Scheduling was another problem and there is more competition at 9pm whatever day of the week than at 6pm and where the original show thrived and people may not want to watch The Crystal Maze at 9pm anyhow so that was a mistake. Also, a good chunk of the original show's audience were kids and that could still have been the case but putting the show on so late meant that audience would never got a chance to watch it.


RE: The TV Gameshow Thread - Brekkie - 15-01-2024

I think in short they probably relied too much on the nostalgia, especially in the scheduling of it, rather than making it for today's audience.

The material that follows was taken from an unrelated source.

(* Let $I\subset\mathbb{R}$ be an open interval, let $\bm{a}:I\to\mathbb{R}^2_1$ be a (spacelike or timelike) frontal with Gauss mapping $\bm{\nu}:I\to H^1$ (or $S^1_1$), and let $r:I\to\mathbb{R}^+$ be a smooth positive function. Then the pseudo-circle family $C_{(\bm{a}(t),\pm r(t))}$ creates an envelope if and only if $C_{(\bm{a}(t),\pm r(t))}$ is creative.
   Context: All objects are $C^\infty$. The Minkowski plane $\mathbb{R}^2_1$ is $\mathbb{R}^2$ with the pseudo-scalar product $\langle\bm{x},\bm{y}\rangle=-x_1y_1+x_2y_2$. Set $S^1_1=\{\bm{x}:\langle\bm{x},\bm{x}\rangle=1\}$ and $H^1=\{\bm{x}:\langle\bm{x},\bm{x}\rangle=-1\}$. For a non-lightlike vector $\bm{x}$, $\epsilon_{\bm{x}}=1$ if $\langle\bm{x},\bm{x}\rangle>0$ and $\epsilon_{\bm{x}}=-1$ if $\langle\bm{x},\bm{x}\rangle<0$. A smooth curve $\bm{a}:I\to\mathbb{R}^2_1$ is a spacelike (resp. timelike) frontal if there is a smooth map $\bm{\nu}:I\to H^1$ (resp. $S^1_1$), the Gauss mapping, with $\langle \frac{d\bm{a}}{dt}(t),\bm{\nu}(t)\rangle=0$ for all $t$. Let $\bm{\mu}:I\to S^1_1$ (resp. $H^1$) be a smooth unit vector field with $\langle\bm{\mu},\bm{\nu}\rangle=0$; then $\frac{d\bm{a}}{dt}(t)=\beta(t)\bm{\mu}(t)$ where $\beta(t)=\epsilon_{\bm{\mu}}\langle\bm{\mu}(t),\frac{d\bm{a}}{dt}(t)\rangle$. For a positive function $r$, the pseudo-circle families are $C_{(\bm{a}(t),r(t))}=\{\bm{x}:\langle\bm{x}-\bm{a}(t),\bm{x}-\bm{a}(t)\rangle=r(t)^2\}$ and $C_{(\bm{a}(t),-r(t))}=\{\bm{x}:\langle\bm{x}-\bm{a}(t),\bm{x}-\bm{a}(t)\rangle=-r(t)^2\}$. An envelope of $C_{(\bm{a}(t),\pm r(t))}$ is a smooth map $f:I\to\mathbb{R}^2_1$ with (1) $f(t)\in C_{(\bm{a}(t),\pm r(t))}$ and (2) $\langle\frac{df}{dt}(t),f(t)-\bm{a}(t)\rangle=0$ for all $t\in I$. The family $C_{(\bm{a}(t),r(t))}$ is creative if there is a smooth $\tilde{\bm{\nu}}:I\to S^1_1$ with $\frac{dr}{dt}(t)+\beta(t)\langle\tilde{\bm{\nu}}(t),\bm{\mu}(t)\rangle=0$ for all $t$; the family $C_{(\bm{a}(t),-r(t))}$ is creative if there is a smooth $\tilde{\bm{\nu}}:I\to H^1$ with $\frac{dr}{dt}(t)-\beta(t)\langle\tilde{\bm{\nu}}(t),\bm{\mu}(t)\rangle=0$ for all $t$. *)

theory Defs
  imports "HOL-Analysis.Analysis"
begin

It also didn't seem to get much of a life beyond it's original airings and any narrative repeats - indeed going back to the original and IIRC I became a fan by watching the summer holiday repeats rather than the original airings.

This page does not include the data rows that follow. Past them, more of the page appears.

theorem lemma2:
  fixes M :: nat
  shows
  "(\<forall>(f :: nat \<Rightarrow> 'a::euclidean_space \<Rightarrow> real) \<mu>.
      (\<forall>n. f n \<in> borel_measurable borel \<and> (\<forall>x. 0 \<le> f n x) \<and>
           prob_space (density lborel (\<lambda>x. ennreal (f n x)))) \<and>
      (\<exists>C. \<forall>n x. f n x \<le> C) \<and>
      (\<forall>e>0. \<exists>\<delta>>0. \<forall>n x y. dist x y < \<delta> \<longrightarrow> \<bar>f n x - f n y\<bar> < e) \<and>
      prob_borel \<mu> \<and>
      weak_conv_gen (\<lambda>n. density lborel (\<lambda>x. ennreal (f n x))) \<mu>
      \<longrightarrow> (\<lambda>n. tv_dist (density lborel (\<lambda>x. ennreal (f n x))) \<mu>) \<longlonglongrightarrow> 0)
   \<and>
   (\<forall>(Qs :: nat \<Rightarrow> 'a \<Rightarrow> nat) Q P.
      (\<forall>n. Qs n \<in> convex_quantizers M) \<and> Q \<in> convex_quantizers M \<and>
      prob_borel P \<and> has_density P \<and>
      weak_conv_gen (\<lambda>n. joint P (Qs n)) (joint P Q)
      \<longrightarrow> ((\<lambda>n. tv_dist (joint P (Qs n)) (joint P Q)) \<longlonglongrightarrow> 0) \<and>
          (has_pos_density P \<longrightarrow>
             (\<forall>P'. prob_borel P' \<and> has_density P' \<longrightarrow>
                (\<lambda>n. tv_dist (joint P' (Qs n)) (joint P' Q)) \<longlonglongrightarrow> 0)))
   \<and>
   (\<forall>(Qs :: nat \<Rightarrow> 'a \<Rightarrow> nat) Q P Ps' P'.
      (\<forall>n. Qs n \<in> convex_quantizers M) \<and> Q \<in> convex_quantizers M \<and>
      prob_borel P \<and> has_pos_density P \<and>
      weak_conv_gen (\<lambda>n. joint P (Qs n)) (joint P Q) \<and>
      (\<forall>n. prob_borel (Ps' n)) \<and> prob_borel P' \<and> has_density P' \<and>
      (\<lambda>n. tv_dist (Ps' n) P') \<longlonglongrightarrow> 0
      \<longrightarrow> (\<lambda>n. tv_dist (joint (Ps' n) (Qs n)) (joint P' Q)) \<longlonglongrightarrow> 0)"
  apply (intro conjI allI impI; elim conjE exE)
  subgoal
    by (rule tv_dist_tendsto_zero_if_equicontinuous_densities) auto
  subgoal for Qs Q P
    using measure_disagreement_tendsto_zero[of P M Qs Q]
    by (intro tv_dist_joint_tendsto_zero[where Ps'="\<lambda>_. P" and M=M])
       (auto simp: tv_dist_self convex_quantizer_imp_quantizer)
  subgoal for Qs Q P P'
    using measure_disagreement_tendsto_zero_if_pos_density[of P P' M Qs Q]
    by (intro tv_dist_joint_tendsto_zero[where Ps'="\<lambda>_. P'" and M=M])
       (auto simp: tv_dist_self convex_quantizer_imp_quantizer)
  subgoal for Qs Q P Ps' P'
    using measure_disagreement_tendsto_zero_if_pos_density[of P P' M Qs Q]
    by (intro tv_dist_joint_tendsto_zero[where M=M]) (auto simp: convex_quantizer_imp_quantizer)
  done

end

RE: The TV Gameshow Thread - Neil Jones - 15-01-2024

(15-01-2024, 08:02 AM)Brekkie Wrote:  I think in short they probably relied too much on the nostalgia, especially in the scheduling of it, rather than making it for today's audience.

It also didn't seem to get much of a life beyond it's original airings and any narrative repeats - indeed going back to the original and IIRC I became a fan by watching the summer holiday repeats rather than the original airings.

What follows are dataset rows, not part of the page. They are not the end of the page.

lemma has_mult_order_power_eq_1_iff:
  fixes e :: "'a::field"
  assumes "has_mult_order e d"
  shows "e ^ m = 1 \<longleftrightarrow> d dvd m"
proof -
  have d: "d > 0" "e ^ d = 1" and min: "\<And>m. 0 < m \<Longrightarrow> m < d \<Longrightarrow> e ^ m \<noteq> 1"
    using assms unfolding has_mult_order_def by auto
  have "e ^ m = e ^ (d * (m div d) + m mod d)" by simp
  also have "\<dots> = e ^ (m mod d)" using d by (simp only: power_add power_mult) simp
  finally have split: "e ^ m = e ^ (m mod d)" .
  show ?thesis
  proof
    assume "e ^ m = 1"
    hence "e ^ (m mod d) = 1" using split by simp
    hence "m mod d = 0" using min[of "m mod d"] d by (meson mod_less_divisor neq0_conv)
    thus "d dvd m" by auto
  qed (use split d in auto)
qed

lemma has_mult_order_power_eq_power_iff:
  fixes e :: "'a::field"
  assumes "has_mult_order e d"
  shows "e ^ m = e ^ n \<longleftrightarrow> [int m = int n] (mod int d)"
proof -
  have "e \<noteq> 0" using assms unfolding has_mult_order_def by (auto simp: zero_power)
  have le: "e ^ m = e ^ n \<longleftrightarrow> [m = n] (mod d)" if "n \<le> m" for m n
  proof -
    have "e ^ m = e ^ n * e ^ (m - n)" using that by (simp flip: power_add)
    hence "e ^ m = e ^ n \<longleftrightarrow> e ^ (m - n) = 1" using \<open>e \<noteq> 0\<close> by auto
    also have "\<dots> \<longleftrightarrow> [m = n] (mod d)"
      using that by (simp add: has_mult_order_power_eq_1_iff[OF assms] cong_altdef_nat)
    finally show ?thesis .
  qed
  have "e ^ m = e ^ n \<longleftrightarrow> [m = n] (mod d)"
    using le[of n m] le[of m n] by (cases "n \<le> m") (auto simp: cong_sym_eq)
  thus ?thesis by (simp add: cong_int_iff)
qed

lemma has_mult_order_power_mod:
  fixes e :: "'a::field"
  assumes "has_mult_order e d"
  shows "e ^ (n mod d) = e ^ n"
  by (simp add: has_mult_order_power_eq_power_iff[OF assms] cong_def zmod_int)

lemma has_mult_order_power_half:
  fixes e :: "'a::field"
  assumes "has_mult_order e d" and "even d"
  shows "e ^ (d div 2) = -1"
proof -
  have "(e ^ (d div 2)) ^ 2 = 1"
    using assms by (simp add: has_mult_order_power_eq_1_iff flip: power_mult)
  moreover have "e ^ (d div 2) \<noteq> 1"
    using assms has_mult_order_def[of e d] by (simp add: has_mult_order_power_eq_1_iff) (auto elim!: evenE)
  ultimately show ?thesis by (simp add: power2_eq_1_iff)
qed

lemma geometric_eq_1_consecutive:
  fixes c u :: "'a::field"
  assumes "c * u ^ k = 1" and "c * u ^ Suc k = 1"
  shows "c * u ^ n = 1"
proof -
  have "u = (c * u ^ k) * u" using assms(1) by simp
  also have "\<dots> = 1" using assms(2) by (simp add: mult_ac)
  finally have "u = 1" .
  thus ?thesis using assms(1) by simp
qed

lemma geometric_eq_1_alternating:
  fixes c u :: "'a::field"
  assumes "c * u ^ k = 1" and "c * u ^ Suc k \<noteq> 1" and "c * u ^ Suc (Suc k) = 1"
  shows "u = -1"
proof -
  have "(c * u ^ k) * u ^ 2 = 1" using assms(3) by (simp add: power2_eq_square mult_ac)
  hence "u ^ 2 = 1" using assms(1) by simp
  moreover have "u \<noteq> 1" using assms(1,2) by auto
  ultimately show ?thesis by (simp add: power2_eq_1_iff)
qed

lemma alternating_iff_even:
  assumes "\<And>k. A (Suc k) \<longleftrightarrow> \<not> A k"
  shows "A k \<longleftrightarrow> (A 0 \<longleftrightarrow> even k)"
  by (induction k) (simp_all add: assms)

locale Lk_family =
  fixes q d :: nat and eps a b :: "'a::field_gcd" and r :: int
    and j1 j2 :: nat and tau :: "nat \<Rightarrow> nat" and lam :: "nat \<Rightarrow> 'a"
  assumes d_pos: "d > 0" and q_eq: "q + 1 = 3 * d"
    and eps: "has_mult_order eps d"
    and b_nz: "b \<noteq> 0"
    and tau_range: "\<And>k. k < d \<Longrightarrow> tau k \<in> {0, 1, 2}"
    and L_in_Lset: "\<And>k. k < d \<Longrightarrow>
      [:1, a * eps ^ (j1 * k), b * eps ^ (j2 * k):] \<in> Lset q d eps k 2 (tau k) (lam k)"
    and e_coprime_3: "\<And>k. k < d \<Longrightarrow> gcd (r - 2 + int (tau k)) 3 = 1"
    and tau_0_ex: "\<exists>k<d. tau k = 0" and tau_2_ex: "\<exists>k<d. tau k = 2"
begin

text \<open>The coefficients and the two relations are defined for all k, not only k < d; being
  d-periodic, they can be compared at consecutive indices without wrapping around.\<close>

definition \<alpha> :: "nat \<Rightarrow> 'a" where "\<alpha> k = a * eps ^ (j1 * k)"
definition \<beta> :: "nat \<Rightarrow> 'a" where "\<beta> k = b * eps ^ (j2 * k)"

definition tau0_rel :: "nat \<Rightarrow> bool" where "tau0_rel k \<longleftrightarrow> \<beta> k = \<alpha> k ^ 2"
definition tau2_rel :: "nat \<Rightarrow> bool" where "tau2_rel k \<longleftrightarrow> \<alpha> k * \<beta> k * eps ^ k = 1"

lemma L_in_Lset_alpha_beta:
  "k < d \<Longrightarrow> [:1, \<alpha> k, \<beta> k:] \<in> Lset q d eps k 2 (tau k) (lam k)"
  unfolding \<alpha>_def \<beta>_def by (rule L_in_Lset)

lemma eps_nz: "eps \<noteq> 0"
  using eps by (auto simp: has_mult_order_def zero_power)

lemma beta_nz: "\<beta> k \<noteq> 0"
  by (simp add: \<beta>_def b_nz eps_nz)

lemma N_eq_3: "(q + 1) div d = 3"
  using q_eq d_pos by simp

lemma not_3_dvd_e: "k < d \<Longrightarrow> \<not> 3 dvd (r - 2 + int (tau k))"
  using e_coprime_3 gcd_proj2_if_dvd_int by fastforce

lemma r_mod_3: "r mod 3 = 1"
proof -
  obtain k0 k2 where "k0 < d" "tau k0 = 0" "k2 < d" "tau k2 = 2"
    using tau_0_ex tau_2_ex by blast
  with not_3_dvd_e[of k0] not_3_dvd_e[of k2] show ?thesis by simp presburger
qed

lemma tau_0_or_2: "k < d \<Longrightarrow> tau k = 0 \<or> tau k = 2"
  using tau_range[of k] not_3_dvd_e[of k] r_mod_3 by auto presburger

lemma power_q1_twist: "(c * eps ^ m) ^ (q + 1) = c ^ (q + 1)"
proof -
  have "eps ^ (q + 1) = 1"
    using eps q_eq by (simp add: has_mult_order_power_eq_1_iff)
  have "(c * eps ^ m) ^ (q + 1) = c ^ (q + 1) * (eps ^ (q + 1)) ^ m"
    by (simp only: power_mult_distrib flip: power_mult) (simp only: mult.commute)
  thus ?thesis using \<open>eps ^ (q + 1) = 1\<close> by simp
qed

lemma alpha_power_q1: "\<alpha> k ^ (q + 1) = a ^ (q + 1)"
  and beta_power_q1: "\<beta> k ^ (q + 1) = b ^ (q + 1)"
  unfolding \<alpha>_def \<beta>_def by (rule power_q1_twist)+

lemma b_power_q1: "b ^ (q + 1) = 1"
proof -
  obtain k where "k < d" "tau k = 0" using tau_0_ex by blast
  hence "\<beta> k ^ (q + 1) = 1"
    using quadratic_Lset_tau0(2) L_in_Lset_alpha_beta beta_nz by metis
  thus ?thesis by (simp only: beta_power_q1)
qed

lemma a_power_q1: "a ^ (q + 1) = 1"
proof -
  obtain k where k: "k < d" "tau k = 2" using tau_2_ex by blast
  have "\<alpha> k * \<beta> k * eps ^ k = 1"
    using quadratic_Lset_tau2(2) L_in_Lset_alpha_beta[OF k(1)] k(2) N_eq_3 b_power_q1 beta_power_q1
    by metis
  hence "(\<alpha> k * (\<beta> k * eps ^ k)) ^ (q + 1) = 1" by (simp only: mult.assoc power_one)
  moreover have "(\<beta> k * eps ^ k) ^ (q + 1) = 1"
    by (simp only: power_q1_twist beta_power_q1 b_power_q1)
  ultimately have "\<alpha> k ^ (q + 1) = 1" by (simp only: power_mult_distrib mult_1_right)
  thus ?thesis by (simp only: alpha_power_q1)
qed

lemma tau_0_imp:
  assumes "k < d" "tau k = 0"
  shows "tau0_rel k" and "lam k * \<beta> k = 1"
proof -
  have L: "[:1, \<alpha> k, \<beta> k:] \<in> Lset q d eps k 2 0 (lam k)"
    using L_in_Lset_alpha_beta assms by metis
  have "\<alpha> k ^ (q + 1) = 1" by (simp only: alpha_power_q1 a_power_q1)
  thus "tau0_rel k" unfolding tau0_rel_def by (rule quadratic_Lset_tau0(3)[OF L beta_nz])
  show "lam k * \<beta> k = 1" by (rule quadratic_Lset_tau0(1)[OF L beta_nz])
qed

lemma tau_2_imp:
  assumes "k < d" "tau k = 2"
  shows "tau2_rel k" and "lam k = 1"
proof -
  have L: "[:1, \<alpha> k, \<beta> k:] \<in> Lset q d eps k 2 2 (lam k)"
    using L_in_Lset_alpha_beta assms by metis
  have "\<beta> k ^ (q + 1) = 1" by (simp only: beta_power_q1 b_power_q1)
  thus "tau2_rel k" unfolding tau2_rel_def by (rule quadratic_Lset_tau2(2)[OF L N_eq_3])
  show "lam k = 1" by (rule quadratic_Lset_tau2(1)[OF L N_eq_3])
qed

lemma not_tau0_rel_and_tau2_rel:
  assumes "k < d" shows "\<not> (tau0_rel k \<and> tau2_rel k)"
proof
  assume rels: "tau0_rel k \<and> tau2_rel k"
  have "\<alpha> k ^ 3 * eps ^ k = \<alpha> k * \<alpha> k ^ 2 * eps ^ k"
    by (simp add: power2_eq_square power3_eq_cube)
  also have "\<dots> = 1" using rels unfolding tau0_rel_def tau2_rel_def by metis
  finally have "\<alpha> k ^ 3 * eps ^ k = 1" .
  moreover have "gcd [:1, \<alpha> k, \<beta> k:] (monom 1 3 - [:eps ^ k:]) = 1"
    using Lset_gcd_eq_1[OF L_in_Lset_alpha_beta[OF assms]] N_eq_3 by simp
  ultimately show False
    using quadratic_gcd_X3_minus_neq_1 rels unfolding tau0_rel_def by metis
qed

lemma eps_power_mult_mod: "eps ^ (m * (k mod d)) = eps ^ (m * k)"
  using has_mult_order_power_mod[OF eps, of "m * (k mod d)"] has_mult_order_power_mod[OF eps, of "m * k"]
  by (simp add: mod_mult_right_eq)

lemma alpha_mod: "\<alpha> (k mod d) = \<alpha> k" and beta_mod: "\<beta> (k mod d) = \<beta> k"
  and eps_power_mod: "eps ^ (k mod d) = eps ^ k"
  using eps_power_mult_mod[of 1] by (simp_all add: \<alpha>_def \<beta>_def eps_power_mult_mod)

lemma tau0_rel_mod: "tau0_rel (k mod d) \<longleftrightarrow> tau0_rel k"
  and tau2_rel_mod: "tau2_rel (k mod d) \<longleftrightarrow> tau2_rel k"
  by (simp_all add: tau0_rel_def tau2_rel_def alpha_mod beta_mod eps_power_mod)

lemma tau0_rel_xor_tau2_rel: "tau2_rel k \<longleftrightarrow> \<not> tau0_rel k"
proof -
  have "k mod d < d" using d_pos by simp
  thus ?thesis
    using tau_0_or_2 tau_0_imp(1) tau_2_imp(1) not_tau0_rel_and_tau2_rel
    by (metis tau0_rel_mod tau2_rel_mod)
qed

lemma tau0_rel_geometric: "tau0_rel k \<longleftrightarrow> a ^ 2 / b * (eps ^ (2 * j1) / eps ^ j2) ^ k = 1"
proof -
  have "\<alpha> k ^ 2 / \<beta> k = a ^ 2 / b * (eps ^ (2 * j1) / eps ^ j2) ^ k"
    by (simp add: \<alpha>_def \<beta>_def power_mult_distrib power_divide flip: power_mult)
      (simp add: mult_ac)
  thus ?thesis using beta_nz[of k] by (auto simp: tau0_rel_def divide_eq_1_iff)
qed

lemma tau2_rel_geometric: "tau2_rel k \<longleftrightarrow> a * b * (eps ^ (j1 + j2 + 1)) ^ k = 1"
proof -
  have "\<alpha> k * \<beta> k * eps ^ k = a * b * (eps ^ (j1 + j2 + 1)) ^ k"
    by (simp add: \<alpha>_def \<beta>_def algebra_simps power_add flip: power_mult)
  thus ?thesis by (simp add: tau2_rel_def)
qed

lemma tau0_rel_Suc_iff: "tau0_rel (Suc k) \<longleftrightarrow> \<not> tau0_rel k"
proof -
  obtain k0 k2 where k0: "k0 < d" "tau k0 = 0" and k2: "k2 < d" "tau k2 = 2"
    using tau_0_ex tau_2_ex by blast
  have "\<not> (tau0_rel k \<and> tau0_rel (Suc k))"
  proof
    assume "tau0_rel k \<and> tau0_rel (Suc k)"
    hence "tau0_rel k2" unfolding tau0_rel_geometric by (metis geometric_eq_1_consecutive)
    thus False using tau_2_imp(1)[OF k2] tau0_rel_xor_tau2_rel by simp
  qed
  moreover have "\<not> (tau2_rel k \<and> tau2_rel (Suc k))"
  proof
    assume "tau2_rel k \<and> tau2_rel (Suc k)"
    hence "tau2_rel k0" unfolding tau2_rel_geometric by (metis geometric_eq_1_consecutive)
    thus False using tau_0_imp(1)[OF k0] tau0_rel_xor_tau2_rel by simp
  qed
  ultimately show ?thesis using tau0_rel_xor_tau2_rel by blast
qed

lemma tau0_rel_iff_even: "tau0_rel k \<longleftrightarrow> (tau0_rel 0 \<longleftrightarrow> even k)"
  by (rule alternating_iff_even[of tau0_rel, OF tau0_rel_Suc_iff])

lemma even_d: "even d"
  using tau0_rel_iff_even[of d] tau0_rel_mod[of d] by (cases "tau0_rel 0") simp_all

lemma eps_ratio_eq_minus_1: "eps ^ (2 * j1) / eps ^ j2 = -1"
proof -
  obtain k where "k < d" "tau k = 0" using tau_0_ex by blast
  hence "tau0_rel k" "\<not> tau0_rel (Suc k)" "tau0_rel (Suc (Suc k))"
    using tau_0_imp(1) tau0_rel_Suc_iff by auto
  thus ?thesis unfolding tau0_rel_geometric by (rule geometric_eq_1_alternating)
qed

lemma eps_power_j1_j2_eq_minus_1: "eps ^ (j1 + j2 + 1) = -1"
proof -
  obtain k where "k < d" "tau k = 2" using tau_2_ex by blast
  hence "tau2_rel k" "\<not> tau2_rel (Suc k)" "tau2_rel (Suc (Suc k))"
    using tau_2_imp(1) tau0_rel_Suc_iff tau0_rel_xor_tau2_rel by auto
  thus ?thesis unfolding tau2_rel_geometric by (rule geometric_eq_1_alternating)
qed

lemma eps_power_3j1: "eps ^ (3 * j1 + 1) = 1"
proof -
  have "eps ^ (3 * j1 + 1) * eps ^ j2 = eps ^ (2 * j1) * eps ^ (j1 + j2 + 1)"
    by (simp only: power_add[symmetric]) (simp add: algebra_simps)
  also have "\<dots> = eps ^ j2"
    using eps_ratio_eq_minus_1 eps_power_j1_j2_eq_minus_1 eps_nz by (simp add: divide_eq_eq)
  finally show ?thesis using eps_nz by simp
qed

lemma a_cube: "a ^ 3 = -1" and b_eq_pm_a_square: "b = a ^ 2 \<or> b = - (a ^ 2)"
proof -
  have rel0: "tau0_rel 0 \<longleftrightarrow> b = a ^ 2" "tau2_rel 0 \<longleftrightarrow> a * b = 1"
    by (simp_all add: tau0_rel_def tau2_rel_def \<alpha>_def \<beta>_def)
  have "tau0_rel 1 \<longleftrightarrow> a ^ 2 / b * -1 = 1" "tau2_rel 1 \<longleftrightarrow> a * b * -1 = 1"
    by (simp_all only: tau0_rel_geometric tau2_rel_geometric power_one_right
        eps_ratio_eq_minus_1 eps_power_j1_j2_eq_minus_1)
  hence rel1: "tau0_rel 1 \<longleftrightarrow> b = - (a ^ 2)" "tau2_rel 1 \<longleftrightarrow> a * b = -1"
    using b_nz by (auto simp: field_simps, auto simp: minus_equation_iff)
  have "tau0_rel 1 \<longleftrightarrow> \<not> tau0_rel 0" "tau2_rel 1 \<longleftrightarrow> tau0_rel 0" "tau2_rel 0 \<longleftrightarrow> \<not> tau0_rel 0"
    using tau0_rel_Suc_iff[of 0] tau0_rel_xor_tau2_rel by auto
  hence "(b = a ^ 2 \<and> a * b = -1) \<or> (b = - (a ^ 2) \<and> a * b = 1)"
    using rel0 rel1 by blast
  thus "a ^ 3 = -1" "b = a ^ 2 \<or> b = - (a ^ 2)"
    by (auto simp: power2_eq_square power3_eq_cube mult_ac minus_equation_iff)
qed

lemma cong_2j1_j2: "[2 * int j1 - int j2 = int d div 2] (mod int d)"
proof -
  have "eps ^ (2 * j1) = eps ^ (d div 2 + j2)"
    using eps_ratio_eq_minus_1 has_mult_order_power_half[OF eps even_d] eps_nz
    by (simp add: power_add divide_eq_eq)
  hence "[int (2 * j1) = int (d div 2 + j2)] (mod int d)"
    unfolding has_mult_order_power_eq_power_iff[OF eps] .
  thus ?thesis by (simp add: cong_iff_dvd_diff zdiv_int algebra_simps)
qed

I don't remember seeing the summer repeats, I saw the show first time round, when it went out at 8:30pm.

There was too much wrong with the revival to be honest to be plausible, it was too rigid a format. The original show worked because if you were super smart and burnt through games like there was no tomorrow, it just freed up time for another game or two at the end and made it look more realistic. Which is what happened in at least one episode. Most teams got 14/15 games, one got 16. Not that it helped them in the dome but...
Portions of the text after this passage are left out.